**Goal of the exercise**
Take the material below and output exactly the run of lines from the one containing "text \<open>Rectangle completion" down to the one containing "ultimately obtain y", with both included.

**Extracted information**
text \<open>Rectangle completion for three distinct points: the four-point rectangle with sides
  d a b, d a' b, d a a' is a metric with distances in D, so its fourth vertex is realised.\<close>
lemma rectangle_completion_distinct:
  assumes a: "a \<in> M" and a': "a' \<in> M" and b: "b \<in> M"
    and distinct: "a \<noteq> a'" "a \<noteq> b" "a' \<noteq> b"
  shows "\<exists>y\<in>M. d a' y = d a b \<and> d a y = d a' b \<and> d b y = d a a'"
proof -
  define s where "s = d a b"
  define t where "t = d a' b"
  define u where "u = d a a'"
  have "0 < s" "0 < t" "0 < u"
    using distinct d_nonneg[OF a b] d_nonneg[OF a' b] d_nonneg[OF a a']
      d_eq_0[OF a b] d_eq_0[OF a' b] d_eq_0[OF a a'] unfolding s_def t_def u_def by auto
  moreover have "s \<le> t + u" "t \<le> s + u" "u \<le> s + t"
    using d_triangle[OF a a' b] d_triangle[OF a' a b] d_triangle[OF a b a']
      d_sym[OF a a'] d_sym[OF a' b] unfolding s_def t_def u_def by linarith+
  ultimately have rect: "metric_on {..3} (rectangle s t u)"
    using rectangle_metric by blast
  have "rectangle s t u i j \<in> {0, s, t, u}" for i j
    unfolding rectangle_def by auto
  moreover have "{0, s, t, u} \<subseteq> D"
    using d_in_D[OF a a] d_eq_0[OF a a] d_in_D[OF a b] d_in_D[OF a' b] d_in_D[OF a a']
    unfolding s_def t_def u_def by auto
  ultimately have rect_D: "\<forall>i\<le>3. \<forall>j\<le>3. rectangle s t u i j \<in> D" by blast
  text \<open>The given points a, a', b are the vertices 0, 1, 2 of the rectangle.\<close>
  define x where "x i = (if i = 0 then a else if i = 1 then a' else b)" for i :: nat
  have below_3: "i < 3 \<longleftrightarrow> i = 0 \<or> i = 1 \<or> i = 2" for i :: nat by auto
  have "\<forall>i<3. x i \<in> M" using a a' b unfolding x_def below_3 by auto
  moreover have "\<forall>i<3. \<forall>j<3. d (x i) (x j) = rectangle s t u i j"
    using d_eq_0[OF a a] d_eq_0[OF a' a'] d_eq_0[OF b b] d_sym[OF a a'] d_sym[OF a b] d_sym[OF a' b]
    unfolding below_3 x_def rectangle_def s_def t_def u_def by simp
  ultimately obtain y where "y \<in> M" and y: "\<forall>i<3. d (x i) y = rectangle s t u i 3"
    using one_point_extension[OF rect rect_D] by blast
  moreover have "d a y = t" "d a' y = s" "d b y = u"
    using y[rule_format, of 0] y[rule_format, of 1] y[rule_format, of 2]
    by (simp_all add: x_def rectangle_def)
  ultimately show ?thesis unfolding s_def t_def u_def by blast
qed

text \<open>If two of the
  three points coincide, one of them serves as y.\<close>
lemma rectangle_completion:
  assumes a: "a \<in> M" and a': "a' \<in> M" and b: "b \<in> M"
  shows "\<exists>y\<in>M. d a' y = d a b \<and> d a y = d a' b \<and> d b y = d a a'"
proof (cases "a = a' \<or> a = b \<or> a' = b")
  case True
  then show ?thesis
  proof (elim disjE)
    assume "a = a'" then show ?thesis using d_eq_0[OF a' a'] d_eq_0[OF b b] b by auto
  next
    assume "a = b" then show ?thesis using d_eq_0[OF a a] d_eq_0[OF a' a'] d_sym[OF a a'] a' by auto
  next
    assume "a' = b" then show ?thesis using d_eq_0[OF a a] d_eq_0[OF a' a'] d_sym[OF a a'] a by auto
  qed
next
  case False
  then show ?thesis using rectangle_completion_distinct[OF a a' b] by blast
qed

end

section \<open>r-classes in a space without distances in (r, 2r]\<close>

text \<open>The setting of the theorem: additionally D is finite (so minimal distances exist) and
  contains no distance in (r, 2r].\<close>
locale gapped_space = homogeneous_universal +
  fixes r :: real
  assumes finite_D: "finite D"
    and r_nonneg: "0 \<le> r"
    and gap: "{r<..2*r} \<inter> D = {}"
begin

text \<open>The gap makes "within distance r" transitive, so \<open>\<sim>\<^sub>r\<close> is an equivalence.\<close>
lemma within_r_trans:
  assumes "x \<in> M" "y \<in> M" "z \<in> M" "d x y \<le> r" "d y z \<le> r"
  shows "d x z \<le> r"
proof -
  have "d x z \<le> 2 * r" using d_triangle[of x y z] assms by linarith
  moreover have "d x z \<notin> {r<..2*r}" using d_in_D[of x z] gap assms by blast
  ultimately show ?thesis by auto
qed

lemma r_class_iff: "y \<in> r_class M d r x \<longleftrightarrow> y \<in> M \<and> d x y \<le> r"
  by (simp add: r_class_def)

* * *

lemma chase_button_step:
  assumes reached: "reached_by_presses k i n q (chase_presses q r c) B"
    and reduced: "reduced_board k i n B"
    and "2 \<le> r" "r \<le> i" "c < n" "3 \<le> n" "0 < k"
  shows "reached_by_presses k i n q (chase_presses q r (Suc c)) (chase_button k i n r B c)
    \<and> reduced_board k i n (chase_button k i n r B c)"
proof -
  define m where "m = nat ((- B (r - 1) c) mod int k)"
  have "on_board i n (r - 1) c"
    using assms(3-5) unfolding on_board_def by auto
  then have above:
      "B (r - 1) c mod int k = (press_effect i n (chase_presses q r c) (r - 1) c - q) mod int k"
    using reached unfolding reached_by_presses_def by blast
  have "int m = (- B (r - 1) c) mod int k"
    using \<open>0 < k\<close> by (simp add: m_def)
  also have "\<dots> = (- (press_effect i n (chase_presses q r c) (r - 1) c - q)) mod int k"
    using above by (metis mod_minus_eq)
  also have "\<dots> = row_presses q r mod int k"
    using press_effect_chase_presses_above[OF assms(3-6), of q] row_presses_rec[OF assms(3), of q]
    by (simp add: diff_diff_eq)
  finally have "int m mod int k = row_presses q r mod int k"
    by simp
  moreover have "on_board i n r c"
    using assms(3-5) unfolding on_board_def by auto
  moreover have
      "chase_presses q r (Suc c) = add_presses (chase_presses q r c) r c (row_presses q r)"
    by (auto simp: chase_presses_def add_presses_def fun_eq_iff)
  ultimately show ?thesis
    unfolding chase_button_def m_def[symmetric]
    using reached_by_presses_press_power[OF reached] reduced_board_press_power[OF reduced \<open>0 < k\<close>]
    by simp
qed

**Expected answer**
text \<open>Rectangle completion for three distinct points: the four-point rectangle with sides
  d a b, d a' b, d a a' is a metric with distances in D, so its fourth vertex is realised.\<close>
lemma rectangle_completion_distinct:
  assumes a: "a \<in> M" and a': "a' \<in> M" and b: "b \<in> M"
    and distinct: "a \<noteq> a'" "a \<noteq> b" "a' \<noteq> b"
  shows "\<exists>y\<in>M. d a' y = d a b \<and> d a y = d a' b \<and> d b y = d a a'"
proof -
  define s where "s = d a b"
  define t where "t = d a' b"
  define u where "u = d a a'"
  have "0 < s" "0 < t" "0 < u"
    using distinct d_nonneg[OF a b] d_nonneg[OF a' b] d_nonneg[OF a a']
      d_eq_0[OF a b] d_eq_0[OF a' b] d_eq_0[OF a a'] unfolding s_def t_def u_def by auto
  moreover have "s \<le> t + u" "t \<le> s + u" "u \<le> s + t"
    using d_triangle[OF a a' b] d_triangle[OF a' a b] d_triangle[OF a b a']
      d_sym[OF a a'] d_sym[OF a' b] unfolding s_def t_def u_def by linarith+
  ultimately have rect: "metric_on {..3} (rectangle s t u)"
    using rectangle_metric by blast
  have "rectangle s t u i j \<in> {0, s, t, u}" for i j
    unfolding rectangle_def by auto
  moreover have "{0, s, t, u} \<subseteq> D"
    using d_in_D[OF a a] d_eq_0[OF a a] d_in_D[OF a b] d_in_D[OF a' b] d_in_D[OF a a']
    unfolding s_def t_def u_def by auto
  ultimately have rect_D: "\<forall>i\<le>3. \<forall>j\<le>3. rectangle s t u i j \<in> D" by blast
  text \<open>The given points a, a', b are the vertices 0, 1, 2 of the rectangle.\<close>
  define x where "x i = (if i = 0 then a else if i = 1 then a' else b)" for i :: nat
  have below_3: "i < 3 \<longleftrightarrow> i = 0 \<or> i = 1 \<or> i = 2" for i :: nat by auto
  have "\<forall>i<3. x i \<in> M" using a a' b unfolding x_def below_3 by auto
  moreover have "\<forall>i<3. \<forall>j<3. d (x i) (x j) = rectangle s t u i j"
    using d_eq_0[OF a a] d_eq_0[OF a' a'] d_eq_0[OF b b] d_sym[OF a a'] d_sym[OF a b] d_sym[OF a' b]
    unfolding below_3 x_def rectangle_def s_def t_def u_def by simp
  ultimately obtain y where "y \<in> M" and y: "\<forall>i<3. d (x i) y = rectangle s t u i 3"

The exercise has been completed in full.